Minor-Major 7 Arpeggios on Dominant Chords


This is a quick note on a John Stowell video, giving a summary of the idea he describes and then extending it a bit. It's pretty much the same general approach I advocate in my Arpeggio and Scale Resources. Commenters on the video express some confusion about the presentation so I thought it might be helpful to boil it down to a summary and then couldn't resist adding my own twist.

Stowell's Suggestions

Here's the clip:

The idea is to take a C7 and superimpose a minor-major 7 arpeggio on it. To extend this idea, we can fill in the minor-major 7 arp with either the Melodic or Harmonic Minor scale. I strongly suggest working with the arps first, then filling in the extra scale notes later.

Here are the four minor-major 7 arps that can go on C7, along with the non-chord-tones they contain relative to the C7:

  • C#m Maj 7 (b9, #5)
  • Bb Maj 7 (b9, 11, 13)
  • Gm Maj 7 (9, #11)
  • Fm Maj 7 (11, b13)

Filling in the notes of Melodic Minor for each of these gives the following modes:

  • C#m Maj 7 --> Altered
  • Bbm Maj 7 --> Dorian b9
  • Gm Maj 7 --> Lydian Dominant
  • Fm Maj 7 --> Mixolydian b13

Each of these is a different sound that needs to be internalised, of course, and each works in different settings. Most famously, the Altered and Dorian b9 are most comfortable when the C7 is functioning as the V in a V-I or V-i. The other two generate a lot less tension and work well when the C7 is going somewhere else, or even when it's a point of rest (as in the first bar of a blues in C). Getting these into your ears is much more important than remembering the names.

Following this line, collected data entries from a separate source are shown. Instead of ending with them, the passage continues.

(* For a positive integer $d$, the number of primitive $(d,d)$-necklaces is odd if and only if $d$ is squarefree.
   Context: A $(d,d)$-necklace is a circular arrangement of $d$ white and $d$ black beads modulo cyclic rotation; it is primitive if its orbit under rotation has exactly $2d$ elements. *)

theory Defs
  imports Main "HOL-Computational_Algebra.Squarefree"
begin

text \<open>Binary words of length 2d with exactly d white beads (True = white, False = black).\<close>
definition balanced_words :: "nat \<Rightarrow> bool list set" where
  "balanced_words d = {w. length w = 2 * d \<and> length (filter id w) = d}"

definition rot_orbit :: "bool list \<Rightarrow> bool list set" where
  "rot_orbit w = {rotate k w | k. k < length w}"

definition necklaces :: "nat \<Rightarrow> bool list set set" where
  "necklaces d = rot_orbit ` balanced_words d"

definition primitive_necklaces :: "nat \<Rightarrow> bool list set set" where
  "primitive_necklaces d = {N \<in> necklaces d. card N = 2 * d}"

end

(*
  Swapping the two colours is an involution on primitive (d,d)-necklaces, so their number
  has the parity of the number of self-complementary ones. These are the orbits of the
  primitive antiperiodic words: words w of length 2d and period 2d with rotate d w = map Not w.

  An antiperiodic word of length 2n is determined by its first half, so there are 2^n of
  them. Its period is 2e for some e dividing n with n/e odd, and it is the periodic extension
  of a primitive antiperiodic word of length 2e. Counting orbits gives
  sum over such e of 2e N(e) = 2^n, where N(e) is the number of primitive antiperiodic
  necklaces. For n = 2^a m with m odd this says that sum over g dividing m of N(2^a g) is odd
  iff a <= 1 and m = 1. Since a number m > 1 has an even number of squarefree divisors,
  Moebius inversion modulo 2 turns this into: N(2^a m) is odd iff a <= 1 and m is squarefree,
  i.e. iff n is squarefree.
*)

theory Submission
  imports Defs "HOL-Combinatorics.Cycles" "HOL-Library.Z2"
begin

Using Harmonic Minor instead, we get:

  • C#m Maj 7 --> Super Locrian bb7
  • Bbm Maj 7 --> Locrian nat 6
  • Gm Maj 7 --> Dorian #11
  • Fm Maj 7 --> Phrygian Dominant

Other Possibilities

For fun, I then took a look at p.96 of my book to see what else I might try with minor-major 7 arps. The ones we know about are b2, 4, 5, b7. I would generally want to avoid mixing altered and unaltered versions of the same extension (e.g. mixing a 9 and a b9), although maybe that's something I'll experiment with in the future. In this way I came up with my own quartet of minor-major 7 arps that can be substituted onto a C7:

  • Em Maj 7 (#9, nat 7)
  • F#m Maj 7 (b5, b9, 11, 13)
  • G#m Maj 7 (#9, nat 7, b13)
  • Am Maj 7 (#5, 13)

These are definitely a bit more tricky than John's examples, because they don't come from familiar scales. Because of the presence of the nat 7, I feel like the E and G# versions work better on a CMaj7 than a C7, so I'll discard those for now. Let's see what happens when we combine the other two with the notes of the C7 arpeggio (in the second case I marked the 2 note with a ? since it's missing):

  • F#m Maj 7 --> C Db E F Gb G A Bb (mode of Pavani add b6)
  • Am Maj 7 --> C ? E G G# A Bb (mode of Neapolitan?)

Sounds to me like there are some cool sounds hiding in here for those willing to dig into them.